Category: Trainee Case Report

  • 902 Fluid, Electrolyte, and Acid-Base Disorders: Clinical


  • Jafarizade, Mehrian, Lehigh Valley Health Network, Allentown, Pennsylvania, United States
  • Chong, Grace Yun, Lehigh Valley Health Network, Allentown, Pennsylvania, United States
  • Guzzo, Joseph C., Lehigh Valley Health Network, Allentown, Pennsylvania, United States
  • Kopyt, Nelson P., Lehigh Valley Health Network, Allentown, Pennsylvania, United States
  • Duffy, Margaret, Lehigh Valley Health Network, Allentown, Pennsylvania, United States

TLS is an oncologic emergency, which can cause life-threatening electrolyte derangements. Classic laboratory abnormalities in TLS include hyperphosphatemia, hyperkalemia, hypocalcemia, and hyperuricemia. In cases of severe hyperleukocytosis, false laboratory abnormalities can occur, and can lead to apply inaccurate, potentially harmful treatments.

Case Description

A 71-year-old man with a history of CLL was admitted for dyspnea and volume overload. He had recently started venetoclax one week prior to presentation. Labs revealed a WBC of 79,300/cm2 (33% blasts), creatinine 1.49 mg/dL (baseline 0.80 mg/dL), serum potassium 7.2 mmol/L, CO2 8 mmol/L, calcium <5.0 mg/dL, phosphorus 0.5 mg/dL, and uric acid 8.9 mg/dL. He was diagnosed with TLS and treated with rasburicase. Despite aggressive phosphorus repletion, the patient remained severely hypophosphatemic, though he was never symptomatic. Given the incongruence between lab values and clinical status, we suspected a lab error. We ordered STAT labs, sent on ice, which revealed normal serum phosphorus (4.5 mg/dL) on the same day that labs processed by standard protocol revealed a low level (0.9 mg/dL). Other discordant results noted were hyperkalemia (>9.5 mmol/L but 3.7 on a point-of-care arterial blood sample), hypoxemia (pO2 <48 mmHg on ABG but 98% on pulse oximetry room air), and hypoglycemia (serum blood glucose 9 mg/dL but 86 on point-of-care finger testing).

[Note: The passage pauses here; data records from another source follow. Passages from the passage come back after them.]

(* Let $\Gamma$ be a connected finite simple graph on $N\ge3$ vertices with minimum degree $d=2$ and $\varepsilon=\frac12$. If there are distinct vertices $u\sim v\sim w$ with $\deg u=\deg v=\deg w=2$, then $\Gamma$ is the cycle $C_3$ or the cycle $C_6$.
   Context: For a finite simple graph $\Gamma=(V,E)$ without isolated vertices, $\deg v$ is the number of neighbours of $v$ and $\mathcal N(v)=\{w\in V: w\sim v\}$. The normalized Laplacian acts on functions $f:V\to\mathbb R$ by $\Delta f(v)=f(v)-\frac{1}{\deg v}\sum_{w\sim v}f(w)$; its eigenvalues are $0=\lambda_1\le\lambda_2\le\dots\le\lambda_N$, and $\varepsilon:=\min_i|1-\lambda_i|$. $d$ denotes the minimum vertex degree. *)

theory Defs
  imports Complex_Main
begin

definition simple_graph :: "'a set \<Rightarrow> ('a \<Rightarrow> 'a \<Rightarrow> bool) \<Rightarrow> bool" where
  "simple_graph V E \<longleftrightarrow> finite V \<and> (\<forall>u v. E u v \<longrightarrow> u \<in> V \<and> v \<in> V)
     \<and> (\<forall>u v. E u v \<longrightarrow> E v u) \<and> (\<forall>v. \<not> E v v)"

definition connected_graph :: "'a set \<Rightarrow> ('a \<Rightarrow> 'a \<Rightarrow> bool) \<Rightarrow> bool" where
  "connected_graph V E \<longleftrightarrow> (\<forall>u\<in>V. \<forall>v\<in>V. E\<^sup>*\<^sup>* u v)"

definition nbrs :: "'a set \<Rightarrow> ('a \<Rightarrow> 'a \<Rightarrow> bool) \<Rightarrow> 'a \<Rightarrow> 'a set" where
  "nbrs V E v = {w \<in> V. E v w}"

definition deg :: "'a set \<Rightarrow> ('a \<Rightarrow> 'a \<Rightarrow> bool) \<Rightarrow> 'a \<Rightarrow> nat" where
  "deg V E v = card (nbrs V E v)"

definition min_degree :: "'a set \<Rightarrow> ('a \<Rightarrow> 'a \<Rightarrow> bool) \<Rightarrow> nat" where
  "min_degree V E = Min (deg V E ` V)"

This abstract reports the first case of reported pseudohypophosphatemia in a patient with CLL. The pathophysiology of pseudohypophosphatemia is thought to involve a sodium-phosphate co-transporter, though the exact underlying pathophysiology is unknown. Pseudohypoxemia and pseudohypoglycemia, also described in hematologic disorders, are thought to be due to increased metabolic demands by blasts, which decrease oxygen tension and glucose levels in vitro. Increased leukocyte fragility in CLL patients can lead to pseudohyperkalemia.
In conclusion, it is crucial to verify lab abnormalities in patients with hyperleukocytosis with point-of-care or deliberate (i.e. arterial blood sample on ice or STAT) sample collection. Failure to recognize psuedohypophosphatemia may result in unnecessary phosphorus repletion, leading to potential harm for the patient.